Excerpts from a dataset:
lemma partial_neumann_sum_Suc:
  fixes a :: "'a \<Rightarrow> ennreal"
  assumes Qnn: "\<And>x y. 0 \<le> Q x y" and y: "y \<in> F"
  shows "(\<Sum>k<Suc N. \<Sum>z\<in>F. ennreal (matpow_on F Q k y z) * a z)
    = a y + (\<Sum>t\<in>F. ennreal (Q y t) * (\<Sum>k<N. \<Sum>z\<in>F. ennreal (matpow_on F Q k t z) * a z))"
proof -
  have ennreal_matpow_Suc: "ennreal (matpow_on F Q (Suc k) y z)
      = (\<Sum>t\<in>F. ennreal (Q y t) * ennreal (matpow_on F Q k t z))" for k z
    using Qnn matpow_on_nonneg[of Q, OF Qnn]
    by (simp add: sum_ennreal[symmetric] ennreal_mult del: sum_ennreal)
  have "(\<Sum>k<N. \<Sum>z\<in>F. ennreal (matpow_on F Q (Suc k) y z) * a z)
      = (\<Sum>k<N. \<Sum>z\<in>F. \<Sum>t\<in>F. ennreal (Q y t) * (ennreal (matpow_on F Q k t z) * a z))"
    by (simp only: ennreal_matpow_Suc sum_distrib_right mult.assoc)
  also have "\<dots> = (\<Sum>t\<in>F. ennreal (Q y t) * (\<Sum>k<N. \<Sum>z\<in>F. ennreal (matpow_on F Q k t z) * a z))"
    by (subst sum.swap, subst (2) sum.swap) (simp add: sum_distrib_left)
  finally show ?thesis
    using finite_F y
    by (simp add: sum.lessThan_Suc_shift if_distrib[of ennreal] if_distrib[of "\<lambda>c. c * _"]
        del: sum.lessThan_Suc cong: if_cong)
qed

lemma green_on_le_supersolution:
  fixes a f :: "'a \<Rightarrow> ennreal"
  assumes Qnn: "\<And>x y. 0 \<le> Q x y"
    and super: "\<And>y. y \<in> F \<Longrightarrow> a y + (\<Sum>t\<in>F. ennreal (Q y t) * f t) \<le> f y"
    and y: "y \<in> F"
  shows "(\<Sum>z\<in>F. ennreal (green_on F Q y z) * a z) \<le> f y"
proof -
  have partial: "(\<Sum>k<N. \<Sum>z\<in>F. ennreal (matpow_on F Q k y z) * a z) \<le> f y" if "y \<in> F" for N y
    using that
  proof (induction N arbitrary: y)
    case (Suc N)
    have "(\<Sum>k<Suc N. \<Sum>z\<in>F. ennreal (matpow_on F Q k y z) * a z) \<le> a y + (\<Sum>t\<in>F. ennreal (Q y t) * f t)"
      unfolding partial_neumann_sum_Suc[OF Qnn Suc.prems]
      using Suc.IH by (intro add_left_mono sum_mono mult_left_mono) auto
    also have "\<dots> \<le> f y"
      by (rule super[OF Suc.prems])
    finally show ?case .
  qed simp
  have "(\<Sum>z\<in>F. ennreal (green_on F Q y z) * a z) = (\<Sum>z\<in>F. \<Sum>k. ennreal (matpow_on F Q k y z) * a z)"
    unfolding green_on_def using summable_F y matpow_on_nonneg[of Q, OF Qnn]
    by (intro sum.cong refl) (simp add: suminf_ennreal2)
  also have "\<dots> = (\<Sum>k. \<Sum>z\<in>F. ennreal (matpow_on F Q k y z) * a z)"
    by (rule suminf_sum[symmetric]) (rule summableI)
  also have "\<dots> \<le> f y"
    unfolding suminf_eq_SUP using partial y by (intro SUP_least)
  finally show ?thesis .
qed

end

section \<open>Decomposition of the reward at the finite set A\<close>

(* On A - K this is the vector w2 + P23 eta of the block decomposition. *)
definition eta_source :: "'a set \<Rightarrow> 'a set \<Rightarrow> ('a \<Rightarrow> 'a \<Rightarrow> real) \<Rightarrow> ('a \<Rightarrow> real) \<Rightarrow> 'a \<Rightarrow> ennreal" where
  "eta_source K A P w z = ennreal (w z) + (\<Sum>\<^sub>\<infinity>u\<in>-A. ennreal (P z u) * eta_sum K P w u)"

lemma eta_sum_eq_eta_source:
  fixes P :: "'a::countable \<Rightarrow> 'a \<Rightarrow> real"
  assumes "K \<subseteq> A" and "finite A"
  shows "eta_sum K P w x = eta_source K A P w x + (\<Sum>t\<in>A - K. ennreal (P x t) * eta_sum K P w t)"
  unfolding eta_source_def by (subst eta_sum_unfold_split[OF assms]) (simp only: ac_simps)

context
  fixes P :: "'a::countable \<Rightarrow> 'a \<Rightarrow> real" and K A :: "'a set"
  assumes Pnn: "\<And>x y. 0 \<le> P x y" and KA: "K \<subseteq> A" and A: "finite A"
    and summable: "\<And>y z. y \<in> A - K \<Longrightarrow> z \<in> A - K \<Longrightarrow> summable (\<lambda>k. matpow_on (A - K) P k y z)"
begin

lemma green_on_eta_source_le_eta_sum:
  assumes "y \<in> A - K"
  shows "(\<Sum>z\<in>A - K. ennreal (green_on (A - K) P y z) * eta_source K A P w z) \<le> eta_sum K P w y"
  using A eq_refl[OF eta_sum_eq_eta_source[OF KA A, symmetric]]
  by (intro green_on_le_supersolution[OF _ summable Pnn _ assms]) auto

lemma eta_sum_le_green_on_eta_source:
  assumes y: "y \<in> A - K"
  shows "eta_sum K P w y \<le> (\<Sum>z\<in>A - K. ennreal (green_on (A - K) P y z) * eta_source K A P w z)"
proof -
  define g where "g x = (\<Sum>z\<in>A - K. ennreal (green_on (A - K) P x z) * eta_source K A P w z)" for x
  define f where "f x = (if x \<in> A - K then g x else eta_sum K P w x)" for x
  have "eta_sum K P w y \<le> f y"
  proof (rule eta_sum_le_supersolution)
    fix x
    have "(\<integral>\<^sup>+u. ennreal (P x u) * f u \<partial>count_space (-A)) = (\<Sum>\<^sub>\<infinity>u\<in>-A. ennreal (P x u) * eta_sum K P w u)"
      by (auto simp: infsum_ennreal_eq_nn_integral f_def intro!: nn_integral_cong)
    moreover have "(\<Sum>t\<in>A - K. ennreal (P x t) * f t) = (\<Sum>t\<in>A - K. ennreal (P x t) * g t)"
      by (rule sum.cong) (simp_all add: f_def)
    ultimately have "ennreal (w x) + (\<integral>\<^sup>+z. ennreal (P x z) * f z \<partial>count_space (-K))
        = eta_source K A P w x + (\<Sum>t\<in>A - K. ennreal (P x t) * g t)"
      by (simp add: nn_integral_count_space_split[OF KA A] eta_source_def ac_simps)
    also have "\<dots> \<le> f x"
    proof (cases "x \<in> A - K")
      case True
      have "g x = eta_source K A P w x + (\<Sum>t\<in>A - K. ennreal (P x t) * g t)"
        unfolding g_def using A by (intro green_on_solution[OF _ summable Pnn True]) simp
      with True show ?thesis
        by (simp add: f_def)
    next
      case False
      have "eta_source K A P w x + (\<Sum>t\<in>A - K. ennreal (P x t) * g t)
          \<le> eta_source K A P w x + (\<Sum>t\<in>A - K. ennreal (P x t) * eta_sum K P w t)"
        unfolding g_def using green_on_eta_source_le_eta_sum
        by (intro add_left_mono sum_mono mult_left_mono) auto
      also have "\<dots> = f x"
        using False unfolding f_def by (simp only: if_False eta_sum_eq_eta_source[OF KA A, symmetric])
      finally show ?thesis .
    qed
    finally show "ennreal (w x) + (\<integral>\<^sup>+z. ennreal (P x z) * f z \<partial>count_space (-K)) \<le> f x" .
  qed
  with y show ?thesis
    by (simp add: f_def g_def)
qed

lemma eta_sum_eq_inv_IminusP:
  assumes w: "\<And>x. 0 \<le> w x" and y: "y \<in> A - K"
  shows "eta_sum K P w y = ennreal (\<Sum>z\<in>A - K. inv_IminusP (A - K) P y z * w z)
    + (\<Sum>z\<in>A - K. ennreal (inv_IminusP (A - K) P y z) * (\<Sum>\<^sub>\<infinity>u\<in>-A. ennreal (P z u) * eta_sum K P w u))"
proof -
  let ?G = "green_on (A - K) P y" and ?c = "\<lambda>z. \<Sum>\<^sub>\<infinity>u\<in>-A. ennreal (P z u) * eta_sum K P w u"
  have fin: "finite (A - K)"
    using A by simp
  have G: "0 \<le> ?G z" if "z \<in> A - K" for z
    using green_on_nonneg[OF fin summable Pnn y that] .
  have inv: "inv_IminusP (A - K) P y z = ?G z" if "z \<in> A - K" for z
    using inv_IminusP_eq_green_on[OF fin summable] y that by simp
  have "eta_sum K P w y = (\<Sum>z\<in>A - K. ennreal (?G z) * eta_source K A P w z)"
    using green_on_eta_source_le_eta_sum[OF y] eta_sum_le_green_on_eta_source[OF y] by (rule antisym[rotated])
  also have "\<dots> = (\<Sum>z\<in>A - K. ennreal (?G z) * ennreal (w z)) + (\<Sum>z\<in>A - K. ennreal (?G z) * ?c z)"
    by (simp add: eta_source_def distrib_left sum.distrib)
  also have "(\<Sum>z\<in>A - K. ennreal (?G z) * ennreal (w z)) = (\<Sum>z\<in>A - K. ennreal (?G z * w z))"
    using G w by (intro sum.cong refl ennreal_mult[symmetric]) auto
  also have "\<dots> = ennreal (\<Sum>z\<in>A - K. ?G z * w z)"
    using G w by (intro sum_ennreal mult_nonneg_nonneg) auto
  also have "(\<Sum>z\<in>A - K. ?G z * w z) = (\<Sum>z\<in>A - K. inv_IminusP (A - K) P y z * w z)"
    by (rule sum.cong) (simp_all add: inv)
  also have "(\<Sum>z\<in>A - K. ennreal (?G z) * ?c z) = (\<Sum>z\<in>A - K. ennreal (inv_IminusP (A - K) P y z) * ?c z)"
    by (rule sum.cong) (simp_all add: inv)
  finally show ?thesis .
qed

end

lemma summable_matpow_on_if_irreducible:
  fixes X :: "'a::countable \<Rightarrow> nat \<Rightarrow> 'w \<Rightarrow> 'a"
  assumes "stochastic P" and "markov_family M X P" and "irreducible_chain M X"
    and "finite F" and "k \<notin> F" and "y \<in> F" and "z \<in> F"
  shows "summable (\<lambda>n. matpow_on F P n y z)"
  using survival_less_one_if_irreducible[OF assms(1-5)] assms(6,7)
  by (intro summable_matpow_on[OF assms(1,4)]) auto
...
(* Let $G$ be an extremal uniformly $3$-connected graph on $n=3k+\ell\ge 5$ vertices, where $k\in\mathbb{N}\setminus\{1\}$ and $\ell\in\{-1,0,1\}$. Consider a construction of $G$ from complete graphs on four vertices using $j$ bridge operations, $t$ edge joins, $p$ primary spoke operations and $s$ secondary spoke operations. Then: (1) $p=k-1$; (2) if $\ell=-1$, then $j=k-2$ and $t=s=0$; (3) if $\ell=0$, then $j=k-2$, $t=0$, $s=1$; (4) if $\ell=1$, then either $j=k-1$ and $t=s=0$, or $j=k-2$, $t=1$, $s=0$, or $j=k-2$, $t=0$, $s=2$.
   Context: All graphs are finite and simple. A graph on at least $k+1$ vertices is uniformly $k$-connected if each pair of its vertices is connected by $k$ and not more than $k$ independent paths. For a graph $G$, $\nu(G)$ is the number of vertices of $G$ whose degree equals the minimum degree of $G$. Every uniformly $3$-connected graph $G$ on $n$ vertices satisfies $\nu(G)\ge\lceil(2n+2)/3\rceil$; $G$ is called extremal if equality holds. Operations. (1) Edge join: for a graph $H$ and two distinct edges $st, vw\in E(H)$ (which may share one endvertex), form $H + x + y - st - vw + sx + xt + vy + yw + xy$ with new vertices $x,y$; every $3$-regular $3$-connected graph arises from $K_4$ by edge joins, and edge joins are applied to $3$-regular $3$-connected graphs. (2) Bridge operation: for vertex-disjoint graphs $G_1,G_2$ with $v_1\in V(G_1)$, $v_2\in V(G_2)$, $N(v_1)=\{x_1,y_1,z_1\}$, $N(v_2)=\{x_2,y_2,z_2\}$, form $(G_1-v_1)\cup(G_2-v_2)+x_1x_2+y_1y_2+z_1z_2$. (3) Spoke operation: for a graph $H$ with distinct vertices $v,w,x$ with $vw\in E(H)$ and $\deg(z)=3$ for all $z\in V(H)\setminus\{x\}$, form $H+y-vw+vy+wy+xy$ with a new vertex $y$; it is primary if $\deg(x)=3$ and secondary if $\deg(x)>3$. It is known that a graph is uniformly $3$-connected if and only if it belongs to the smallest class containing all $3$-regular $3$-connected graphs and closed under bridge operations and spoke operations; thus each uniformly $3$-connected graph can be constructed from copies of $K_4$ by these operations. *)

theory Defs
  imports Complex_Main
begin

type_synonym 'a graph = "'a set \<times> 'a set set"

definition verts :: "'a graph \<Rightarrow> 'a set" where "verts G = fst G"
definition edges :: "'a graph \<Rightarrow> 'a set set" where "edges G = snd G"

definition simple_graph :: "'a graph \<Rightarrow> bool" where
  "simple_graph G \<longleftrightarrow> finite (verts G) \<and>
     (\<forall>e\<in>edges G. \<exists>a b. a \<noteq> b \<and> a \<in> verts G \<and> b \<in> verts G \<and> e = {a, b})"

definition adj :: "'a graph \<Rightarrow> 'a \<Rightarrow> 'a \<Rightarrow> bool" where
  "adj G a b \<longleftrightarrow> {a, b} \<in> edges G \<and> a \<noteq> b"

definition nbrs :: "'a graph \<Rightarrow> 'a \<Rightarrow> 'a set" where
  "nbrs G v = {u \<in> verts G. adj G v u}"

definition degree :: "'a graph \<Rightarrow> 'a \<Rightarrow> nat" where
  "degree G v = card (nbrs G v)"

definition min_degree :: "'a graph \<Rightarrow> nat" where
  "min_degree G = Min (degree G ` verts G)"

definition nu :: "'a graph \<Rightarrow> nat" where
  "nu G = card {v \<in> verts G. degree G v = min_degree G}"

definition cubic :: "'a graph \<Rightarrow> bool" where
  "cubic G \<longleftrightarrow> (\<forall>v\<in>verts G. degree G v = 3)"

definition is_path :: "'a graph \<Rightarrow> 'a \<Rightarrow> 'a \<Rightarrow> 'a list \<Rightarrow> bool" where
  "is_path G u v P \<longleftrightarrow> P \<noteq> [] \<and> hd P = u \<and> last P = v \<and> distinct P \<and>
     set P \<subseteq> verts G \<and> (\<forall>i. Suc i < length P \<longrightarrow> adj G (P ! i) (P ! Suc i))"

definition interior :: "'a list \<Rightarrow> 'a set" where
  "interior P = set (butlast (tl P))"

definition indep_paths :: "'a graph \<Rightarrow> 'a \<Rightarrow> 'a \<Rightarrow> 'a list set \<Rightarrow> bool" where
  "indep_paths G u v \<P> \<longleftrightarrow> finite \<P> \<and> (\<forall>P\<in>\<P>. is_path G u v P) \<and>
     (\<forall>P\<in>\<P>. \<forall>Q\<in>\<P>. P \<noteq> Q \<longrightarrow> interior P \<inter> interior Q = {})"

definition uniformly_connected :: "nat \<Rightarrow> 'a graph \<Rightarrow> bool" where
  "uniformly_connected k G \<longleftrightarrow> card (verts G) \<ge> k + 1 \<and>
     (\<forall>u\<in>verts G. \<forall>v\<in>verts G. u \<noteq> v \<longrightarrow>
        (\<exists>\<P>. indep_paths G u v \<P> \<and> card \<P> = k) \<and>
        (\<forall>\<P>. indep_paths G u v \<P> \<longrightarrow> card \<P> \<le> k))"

What you need to do
The lines above, starting at the one with "set \<Rightarrow> 'a" and ending at the one with "f u \<partial>count_space", are the only ones to return, exactly as written.

Written reply
definition eta_source :: "'a set \<Rightarrow> 'a set \<Rightarrow> ('a \<Rightarrow> 'a \<Rightarrow> real) \<Rightarrow> ('a \<Rightarrow> real) \<Rightarrow> 'a \<Rightarrow> ennreal" where
  "eta_source K A P w z = ennreal (w z) + (\<Sum>\<^sub>\<infinity>u\<in>-A. ennreal (P z u) * eta_sum K P w u)"

lemma eta_sum_eq_eta_source:
  fixes P :: "'a::countable \<Rightarrow> 'a \<Rightarrow> real"
  assumes "K \<subseteq> A" and "finite A"
  shows "eta_sum K P w x = eta_source K A P w x + (\<Sum>t\<in>A - K. ennreal (P x t) * eta_sum K P w t)"
  unfolding eta_source_def by (subst eta_sum_unfold_split[OF assms]) (simp only: ac_simps)

context
  fixes P :: "'a::countable \<Rightarrow> 'a \<Rightarrow> real" and K A :: "'a set"
  assumes Pnn: "\<And>x y. 0 \<le> P x y" and KA: "K \<subseteq> A" and A: "finite A"
    and summable: "\<And>y z. y \<in> A - K \<Longrightarrow> z \<in> A - K \<Longrightarrow> summable (\<lambda>k. matpow_on (A - K) P k y z)"
begin

lemma green_on_eta_source_le_eta_sum:
  assumes "y \<in> A - K"
  shows "(\<Sum>z\<in>A - K. ennreal (green_on (A - K) P y z) * eta_source K A P w z) \<le> eta_sum K P w y"
  using A eq_refl[OF eta_sum_eq_eta_source[OF KA A, symmetric]]
  by (intro green_on_le_supersolution[OF _ summable Pnn _ assms]) auto

lemma eta_sum_le_green_on_eta_source:
  assumes y: "y \<in> A - K"
  shows "eta_sum K P w y \<le> (\<Sum>z\<in>A - K. ennreal (green_on (A - K) P y z) * eta_source K A P w z)"
proof -
  define g where "g x = (\<Sum>z\<in>A - K. ennreal (green_on (A - K) P x z) * eta_source K A P w z)" for x
  define f where "f x = (if x \<in> A - K then g x else eta_sum K P w x)" for x
  have "eta_sum K P w y \<le> f y"
  proof (rule eta_sum_le_supersolution)
    fix x
    have "(\<integral>\<^sup>+u. ennreal (P x u) * f u \<partial>count_space (-A)) = (\<Sum>\<^sub>\<infinity>u\<in>-A. ennreal (P x u) * eta_sum K P w u)"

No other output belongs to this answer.